What needs to be done
Determine how many lines in these records hold "into". Only the number is wanted.

Extracted material
(* Let $\mathcal{C}$ be a polarity and $\mathcal{H}\subseteq\mathcal{C}_+$ a refinement of $\mathcal{C}$. Let $x$ be an object of $\mathcal{C}$ that is injective in the polarity $\mathcal{C}$, and let $\eta_x:x\to Ex$ be a completion of $x$ in $\mathcal{C}$ relative to $\mathcal{H}$. Then $\eta_x$ is an isomorphism, and $x$ is complete relative to $\mathcal{H}$.
   Context: A refinement of a category $\mathcal{C}$ is a subcategory containing all objects and all isomorphisms of $\mathcal{C}$. A polarity is a category $\mathcal{C}$ with two refinements $\mathcal{C}_+$ (positive arrows) and $\mathcal{C}_-$ (negative arrows). An object $x$ of a polarity is injective if for every positive arrow $g:a\to b$ and every negative arrow $f:a\to x$ there is an arrow $h:b\to x$ with $hg=f$. An object $z$ of a category is amphi-terminal if every object has at least one arrow to $z$ and $z$ has at most one arrow to any object. For an object $x$, let $x\downarrow_{\mathcal{H}}\mathcal{C}$ be the category whose objects are arrows $f:x\to a$ in $\mathcal{H}$, with morphisms from $f:x\to a$ to $g:x\to b$ the arrows $\xi:a\to b$ of $\mathcal{C}$ with $\xi f=g$. A completion of $x$ relative to $\mathcal{H}$ is an amphi-terminal object of $x\downarrow_{\mathcal{H}}\mathcal{C}$, and $x$ is complete relative to $\mathcal{H}$ if $1_x$ is such a completion. *)

theory Defs
  imports Main
begin

text \<open>Categories given explicitly by objects, arrows, domain, codomain,
identities and composition (Comp g f is "g after f").\<close>

record ('o, 'a) cat =
  Obj  :: "'o set"
  Arr  :: "'a set"
  Dom  :: "'a \<Rightarrow> 'o"
  Cod  :: "'a \<Rightarrow> 'o"
  Id   :: "'o \<Rightarrow> 'a"
  Comp :: "'a \<Rightarrow> 'a \<Rightarrow> 'a"

definition category :: "('o, 'a) cat \<Rightarrow> bool" where
  "category C \<longleftrightarrow>
     (\<forall>f\<in>Arr C. Dom C f \<in> Obj C \<and> Cod C f \<in> Obj C) \<and>
     (\<forall>a\<in>Obj C. Id C a \<in> Arr C \<and> Dom C (Id C a) = a \<and> Cod C (Id C a) = a) \<and>
     (\<forall>f\<in>Arr C. \<forall>g\<in>Arr C. Cod C f = Dom C g \<longrightarrow>
        Comp C g f \<in> Arr C \<and> Dom C (Comp C g f) = Dom C f \<and> Cod C (Comp C g f) = Cod C g) \<and>
     (\<forall>f\<in>Arr C. Comp C f (Id C (Dom C f)) = f \<and> Comp C (Id C (Cod C f)) f = f) \<and>
     (\<forall>f\<in>Arr C. \<forall>g\<in>Arr C. \<forall>h\<in>Arr C. Cod C f = Dom C g \<longrightarrow> Cod C g = Dom C h \<longrightarrow>
        Comp C h (Comp C g f) = Comp C (Comp C h g) f)"

definition iso :: "('o, 'a) cat \<Rightarrow> 'a \<Rightarrow> bool" where
  "iso C f \<longleftrightarrow> f \<in> Arr C \<and>
     (\<exists>g\<in>Arr C. Dom C g = Cod C f \<and> Cod C g = Dom C f \<and>
        Comp C g f = Id C (Dom C f) \<and> Comp C f g = Id C (Cod C f))"

definition subcategory :: "('o, 'a) cat \<Rightarrow> 'a set \<Rightarrow> bool" where
  "subcategory C S \<longleftrightarrow> S \<subseteq> Arr C \<and>
     (\<forall>f\<in>S. Id C (Dom C f) \<in> S \<and> Id C (Cod C f) \<in> S) \<and>
     (\<forall>f\<in>S. \<forall>g\<in>S. Cod C f = Dom C g \<longrightarrow> Comp C g f \<in> S)"

definition refinement :: "('o, 'a) cat \<Rightarrow> 'a set \<Rightarrow> bool" where
  "refinement C S \<longleftrightarrow> subcategory C S \<and>
     (\<forall>a\<in>Obj C. Id C a \<in> S) \<and> (\<forall>f. iso C f \<longrightarrow> f \<in> S)"

definition polarity :: "('o, 'a) cat \<Rightarrow> 'a set \<Rightarrow> 'a set \<Rightarrow> bool" where
  "polarity C Pos Neg \<longleftrightarrow> category C \<and> refinement C Pos \<and> refinement C Neg"

definition injective :: "('o, 'a) cat \<Rightarrow> 'a set \<Rightarrow> 'a set \<Rightarrow> 'o \<Rightarrow> bool" where
  "injective C Pos Neg x \<longleftrightarrow> x \<in> Obj C \<and>
     (\<forall>g\<in>Pos. \<forall>f\<in>Neg. Dom C g = Dom C f \<and> Cod C f = x \<longrightarrow>
        (\<exists>h\<in>Arr C. Dom C h = Cod C g \<and> Cod C h = x \<and> Comp C h g = f))"

text \<open>Objects of x \<down>_H C: arrows of H with domain x.
Morphisms from f to g: arrows xi of C from Cod f to Cod g with xi f = g.\<close>
definition slice_obj :: "('o, 'a) cat \<Rightarrow> 'a set \<Rightarrow> 'o \<Rightarrow> 'a \<Rightarrow> bool" where
  "slice_obj C H x f \<longleftrightarrow> f \<in> H \<and> Dom C f = x"

definition slice_hom :: "('o, 'a) cat \<Rightarrow> 'a \<Rightarrow> 'a \<Rightarrow> 'a set" where
  "slice_hom C f g = {\<xi> \<in> Arr C. Dom C \<xi> = Cod C f \<and> Cod C \<xi> = Cod C g \<and> Comp C \<xi> f = g}"

text \<open>Amphi-terminal object z of x \<down>_H C: every object has at least one arrow
to z, and z has at most one arrow to any object.\<close>
definition completion :: "('o, 'a) cat \<Rightarrow> 'a set \<Rightarrow> 'o \<Rightarrow> 'a \<Rightarrow> bool" where
  "completion C H x z \<longleftrightarrow> slice_obj C H x z \<and>
     (\<forall>f. slice_obj C H x f \<longrightarrow> slice_hom C f z \<noteq> {}) \<and>
     (\<forall>f. slice_obj C H x f \<longrightarrow> (\<forall>\<xi>\<in>slice_hom C z f. \<forall>\<zeta>\<in>slice_hom C z f. \<xi> = \<zeta>))"

definition complete :: "('o, 'a) cat \<Rightarrow> 'a set \<Rightarrow> 'o \<Rightarrow> bool" where
  "complete C H x \<longleftrightarrow> completion C H x (Id C x)"

end

theory Submission
  imports Defs
begin

text \<open>Since \<eta> is positive and \<open>1\<^sub>x\<close> is negative, injectivity of x yields a retraction
  h of \<eta>. Then \<open>\<eta> h\<close> and \<open>1\<^sub>E\<^sub>x\<close> are both endomorphisms of \<eta> in the slice category,
  and amphi-terminality forces them to agree, so h is inverse to \<eta>. Composing with h
  also turns the arrows into \<eta> witnessing the completion property into arrows
  into \<open>1\<^sub>x\<close>, while arrows out of \<open>1\<^sub>x\<close> are trivially unique.\<close>

lemma category_comp:
  assumes "category C" "f \<in> Arr C" "g \<in> Arr C" "Cod C f = Dom C g"
  shows "Comp C g f \<in> Arr C" "Dom C (Comp C g f) = Dom C f" "Cod C (Comp C g f) = Cod C g"
  using assms unfolding category_def by blast+

lemma category_comp_assoc:
  assumes "category C" "f \<in> Arr C" "g \<in> Arr C" "h \<in> Arr C"
    and "Cod C f = Dom C g" "Cod C g = Dom C h"
  shows "Comp C h (Comp C g f) = Comp C (Comp C h g) f"
  using assms unfolding category_def by blast

lemma category_comp_Id_left:
  "category C \<Longrightarrow> f \<in> Arr C \<Longrightarrow> Comp C (Id C (Cod C f)) f = f"
  unfolding category_def by blast

lemma category_comp_Id_right:
  "category C \<Longrightarrow> f \<in> Arr C \<Longrightarrow> Comp C f (Id C (Dom C f)) = f"
  unfolding category_def by blast

lemma category_Cod_in_Obj:
  "category C \<Longrightarrow> f \<in> Arr C \<Longrightarrow> Cod C f \<in> Obj C"
  unfolding category_def by blast

lemma category_Id:
  assumes "category C" "a \<in> Obj C"
  shows "Id C a \<in> Arr C" "Dom C (Id C a) = a" "Cod C (Id C a) = a"
  using assms unfolding category_def by blast+

lemma refinement_subset_Arr: "refinement C S \<Longrightarrow> S \<subseteq> Arr C"
  unfolding refinement_def subcategory_def by blast

lemma refinement_Id: "refinement C S \<Longrightarrow> a \<in> Obj C \<Longrightarrow> Id C a \<in> S"
  unfolding refinement_def by blast

lemma completion_slice_obj:
  "completion C H x \<eta> \<Longrightarrow> \<eta> \<in> H \<and> Dom C \<eta> = x"
  unfolding completion_def slice_obj_def by blast

lemma slice_hom_from_Id:
  assumes "category C" "x \<in> Obj C" "\<xi> \<in> slice_hom C (Id C x) f"
  shows "\<xi> = f"
  using assms category_Id[OF assms(1,2)] category_comp_Id_right[OF assms(1)]
  unfolding slice_hom_def by auto

lemma injective_retraction:
  assumes "polarity C Pos Neg" "injective C Pos Neg x" "\<eta> \<in> Pos" "Dom C \<eta> = x"
  obtains h where "h \<in> Arr C" "Dom C h = Cod C \<eta>" "Cod C h = x" "Comp C h \<eta> = Id C x"
proof -
  have cat: "category C" and ref_Neg: "refinement C Neg" and x: "x \<in> Obj C"
    using assms(1,2) unfolding polarity_def injective_def by auto
  have "Id C x \<in> Neg"
    using refinement_Id[OF ref_Neg x] .
  moreover have "Dom C \<eta> = Dom C (Id C x)" "Cod C (Id C x) = x"
    using category_Id[OF cat x] assms(4) by simp_all
  ultimately have "\<exists>h\<in>Arr C. Dom C h = Cod C \<eta> \<and> Cod C h = x \<and> Comp C h \<eta> = Id C x"
    using assms(2,3) unfolding injective_def by blast
  then show thesis
    using that by blast
qed

context
  fixes C :: "('o, 'a) cat" and H :: "'a set" and x :: 'o and \<eta> h :: 'a
  assumes cat: "category C" and ref_H: "refinement C H"
    and completion: "completion C H x \<eta>"
    and h: "h \<in> Arr C" "Dom C h = Cod C \<eta>" "Cod C h = x"
    and retraction: "Comp C h \<eta> = Id C x"
begin

private lemma arr_\<eta>: "\<eta> \<in> Arr C" "Dom C \<eta> = x"
  using completion_slice_obj[OF completion] refinement_subset_Arr[OF ref_H] by auto

lemma completion_retraction_inverse: "Comp C \<eta> h = Id C (Cod C \<eta>)"
proof -
  let ?E = "Cod C \<eta>"
  have \<eta>h: "Comp C \<eta> h \<in> Arr C" "Dom C (Comp C \<eta> h) = ?E" "Cod C (Comp C \<eta> h) = ?E"
    using category_comp[OF cat h(1) arr_\<eta>(1)] h arr_\<eta> by auto
  have "Comp C (Comp C \<eta> h) \<eta> = Comp C \<eta> (Comp C h \<eta>)"
    using category_comp_assoc[OF cat arr_\<eta>(1) h(1) arr_\<eta>(1)] h arr_\<eta> by auto
  also have "\<dots> = \<eta>"
    using retraction category_comp_Id_right[OF cat arr_\<eta>(1)] arr_\<eta> by simp
  finally have "Comp C \<eta> h \<in> slice_hom C \<eta> \<eta>"
    using \<eta>h unfolding slice_hom_def by auto
  moreover have "Id C ?E \<in> slice_hom C \<eta> \<eta>"
    using category_Id[OF cat category_Cod_in_Obj[OF cat arr_\<eta>(1)]]
      category_comp_Id_left[OF cat arr_\<eta>(1)]
    unfolding slice_hom_def by auto
  moreover have "slice_obj C H x \<eta>"
    using completion_slice_obj[OF completion] unfolding slice_obj_def .
  ultimately show ?thesis
    using completion unfolding completion_def by blast
qed

lemma iso_if_completion_has_retraction: "iso C \<eta>"
  unfolding iso_def using arr_\<eta> h retraction completion_retraction_inverse by auto

lemma complete_if_completion_has_retraction: "complete C H x"
proof -
  have x: "x \<in> Obj C"
    using category_Cod_in_Obj[OF cat h(1)] h(3) by simp
  note Id_x = category_Id[OF cat x]
  have Id_x_reachable: "slice_hom C f (Id C x) \<noteq> {}" if f: "slice_obj C H x f" for f
  proof -
    obtain \<xi> where \<xi>: "\<xi> \<in> Arr C" "Dom C \<xi> = Cod C f" "Cod C \<xi> = Cod C \<eta>" "Comp C \<xi> f = \<eta>"
      using completion f unfolding completion_def slice_hom_def by blast
    have f_arr: "f \<in> Arr C" "Dom C f = x"
      using f refinement_subset_Arr[OF ref_H] unfolding slice_obj_def by auto
    have "Comp C (Comp C h \<xi>) f = Comp C h (Comp C \<xi> f)"
      using category_comp_assoc[OF cat f_arr(1) \<xi>(1) h(1)] \<xi> h by auto
    also have "\<dots> = Id C x"
      using \<xi> retraction by simp
    finally have "Comp C h \<xi> \<in> slice_hom C f (Id C x)"
      using category_comp[OF cat \<xi>(1) h(1)] \<xi> h Id_x unfolding slice_hom_def by auto
    then show ?thesis by blast
  qed
  have Id_x_obj: "slice_obj C H x (Id C x)"
    using refinement_Id[OF ref_H x] Id_x unfolding slice_obj_def by simp
  have Id_x_unique: "\<xi> = \<zeta>" if "\<xi> \<in> slice_hom C (Id C x) f" "\<zeta> \<in> slice_hom C (Id C x) f" for f \<xi> \<zeta>
    using slice_hom_from_Id[OF cat x that(1)] slice_hom_from_Id[OF cat x that(2)] by simp
  show ?thesis
    unfolding complete_def completion_def
    using Id_x_obj Id_x_reachable Id_x_unique by metis
qed

end

theorem mainTheorem5:
  fixes C :: "('o, 'a) cat" and Pos Neg H :: "'a set" and x :: 'o and \<eta> :: 'a
  assumes "polarity C Pos Neg"
    and "refinement C H" and "H \<subseteq> Pos"
    and "injective C Pos Neg x"
    and "completion C H x \<eta>"
  shows "iso C \<eta> \<and> complete C H x"
proof -
  have cat: "category C"
    using assms(1) unfolding polarity_def by blast
  have "\<eta> \<in> Pos" "Dom C \<eta> = x"
    using completion_slice_obj[OF assms(5)] assms(3) by auto
  then obtain h where "h \<in> Arr C" "Dom C h = Cod C \<eta>" "Cod C h = x" "Comp C h \<eta> = Id C x"
    using injective_retraction[OF assms(1,4)] by blast
  then show ?thesis
    using iso_if_completion_has_retraction[OF cat assms(2,5)]
      complete_if_completion_has_retraction[OF cat assms(2,5)]
    by simp
qed

end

Output below
2